A little bit of research told me that a “wife” need not necessarily be a wife, and the sport is often played as a part of group blind dates in Finland, Estonia and Sweden! People train for this sport by carrying big and heavy sacks on their backs – an extremely symbolic exercise – and this is considered as good a way to strengthen your muscles as any other endurance sport. There is even a relay version of this sport where the wife is the baton, but at the exchange point, the carrier has to drink the “official wife-carrying drink” which is, as you guessed it, strongly alcoholic in nature. And after you have lugged your load (male chauvinism alert!) about till you are exhausted, you always have the option of relaxing in a sauna – there are more saunas than Finns in Finland, apparently.
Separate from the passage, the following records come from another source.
(* The category $\mathsf{HSLat}$ of Heyting semilattices satisfies the condition (SSH): for every Heyting semilattice $B$, the kernel functor $\mathrm{Ker}_B\colon \mathsf{Pt}_B(\mathsf{HSLat})\to\mathsf{HSLat}$ reflects Huq-commuting pairs of morphisms. Explicitly: given points $(A_1,\alpha_1,\beta_1)$, $(A_2,\alpha_2,\beta_2)$, $(A,\alpha,\beta)$ over $B$ and morphisms of points $v_1\colon(A_1,\alpha_1,\beta_1)\to(A,\alpha,\beta)$, $v_2\colon(A_2,\alpha_2,\beta_2)\to(A,\alpha,\beta)$, if the restrictions $\mathrm{Ker}_B(v_1)\colon \mathrm{Ker}(\alpha_1)\to\mathrm{Ker}(\alpha)$ and $\mathrm{Ker}_B(v_2)\colon\mathrm{Ker}(\alpha_2)\to\mathrm{Ker}(\alpha)$ Huq-commute in $\mathsf{HSLat}$, then $v_1$ and $v_2$ Huq-commute in $\mathsf{Pt}_B(\mathsf{HSLat})$.
   Context: A Heyting semilattice is a meet-semilattice $(H,\wedge)$ with top element $1$ and a binary operation $\Rightarrow$ such that $x\wedge y\le z$ iff $x\le y\Rightarrow z$; morphisms preserve $1$, $\wedge$ and $\Rightarrow$. $\mathsf{HSLat}$ is the resulting category (a pointed variety, zero object $\{1\}$). For an object $B$, $\mathsf{Pt}_B(\mathsf{HSLat})$ is the category of points over $B$: triples $(A,\alpha,\beta)$ with $\alpha\colon A\to B$, $\beta\colon B\to A$, $\alpha\beta=1_B$; morphisms $f\colon(A,\alpha,\beta)\to(A',\alpha',\beta')$ satisfy $\alpha' f=\alpha$, $f\beta=\beta'$. Its zero object is $(B,1_B,1_B)$. $\mathrm{Ker}_B$ sends $(A,\alpha,\beta)$ to $\mathrm{Ker}(\alpha)$. In a pointed category with finite products, two morphisms $f\colon X\to A$, $g\colon Y\to A$ Huq-commute if there is a morphism $\varphi\colon X\times Y\to A$ with $\varphi\circ(1_X,0)=f$ and $\varphi\circ(0,1_Y)=g$. *)

theory Defs
  imports Main
begin

record 'a hsl =
  hcarrier :: "'a set"
  hmeet :: "'a \<Rightarrow> 'a \<Rightarrow> 'a"
  himp :: "'a \<Rightarrow> 'a \<Rightarrow> 'a"
  htop :: 'a

text \<open>Meet-semilattice with top (order: x \<le> y iff x \<and> y = x) plus an implication
  with x \<and> y \<le> z iff x \<le> y \<Rightarrow> z.\<close>
definition is_hsl :: "'a hsl \<Rightarrow> bool" where
  "is_hsl H \<longleftrightarrow>
     htop H \<in> hcarrier H \<and>
     (\<forall>x\<in>hcarrier H. \<forall>y\<in>hcarrier H. hmeet H x y \<in> hcarrier H \<and> himp H x y \<in> hcarrier H) \<and>
     (\<forall>x\<in>hcarrier H. \<forall>y\<in>hcarrier H. \<forall>z\<in>hcarrier H.
        hmeet H (hmeet H x y) z = hmeet H x (hmeet H y z)) \<and>
     (\<forall>x\<in>hcarrier H. \<forall>y\<in>hcarrier H. hmeet H x y = hmeet H y x) \<and>
     (\<forall>x\<in>hcarrier H. hmeet H x x = x) \<and>
     (\<forall>x\<in>hcarrier H. hmeet H x (htop H) = x) \<and>
     (\<forall>x\<in>hcarrier H. \<forall>y\<in>hcarrier H. \<forall>z\<in>hcarrier H.
        (hmeet H (hmeet H x y) z = hmeet H x y) \<longleftrightarrow> (hmeet H x (himp H y z) = x))"

definition hsl_hom :: "'a hsl \<Rightarrow> 'b hsl \<Rightarrow> ('a \<Rightarrow> 'b) \<Rightarrow> bool" where
  "hsl_hom H K f \<longleftrightarrow>
     (\<forall>x\<in>hcarrier H. f x \<in> hcarrier K) \<and>
     f (htop H) = htop K \<and>
     (\<forall>x\<in>hcarrier H. \<forall>y\<in>hcarrier H.
        f (hmeet H x y) = hmeet K (f x) (f y) \<and> f (himp H x y) = himp K (f x) (f y))"

definition prod_hsl :: "'a hsl \<Rightarrow> 'b hsl \<Rightarrow> ('a \<times> 'b) hsl" where
  "prod_hsl H K =
     \<lparr> hcarrier = hcarrier H \<times> hcarrier K,
       hmeet = (\<lambda>p q. (hmeet H (fst p) (fst q), hmeet K (snd p) (snd q))),
       himp = (\<lambda>p q. (himp H (fst p) (fst q), himp K (snd p) (snd q))),
       htop = (htop H, htop K) \<rparr>"

definition ker_hsl :: "'a hsl \<Rightarrow> 'b hsl \<Rightarrow> ('a \<Rightarrow> 'b) \<Rightarrow> 'a hsl" where
  "ker_hsl A B f = A\<lparr> hcarrier := {x \<in> hcarrier A. f x = htop B} \<rparr>"

text \<open>Pullback A1 \<times>_B A2 of \<alpha>1, \<alpha>2 (the product in Pt_B(HSLat)).\<close>
definition pb_hsl :: "'a hsl \<Rightarrow> 'b hsl \<Rightarrow> ('a \<Rightarrow> 'c) \<Rightarrow> ('b \<Rightarrow> 'c) \<Rightarrow> ('a \<times> 'b) hsl" where
  "pb_hsl A1 A2 \<alpha>1 \<alpha>2 =
     (prod_hsl A1 A2)\<lparr> hcarrier := {p \<in> hcarrier A1 \<times> hcarrier A2. \<alpha>1 (fst p) = \<alpha>2 (snd p)} \<rparr>"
Winner takes all - Babe, beer and booty!

Winner takes all – Babe, beer and booty!

And that is not all. A Trivandrum-based society for environmental awareness called Ecorun India organizes a wife-carrying race Bhaaryasametham (Malayalam for “carry your wife”) on the first of January each year in God’s own country. They plan to conduct more such events in other parts of India and they should find success. Dunking your wife into a pond of ice-cold water or a pile of sand and getting away with it is every married man’s fantasy.

As I changed the channel once again, I realized that the burden of love is heavy. And often back-breaking too.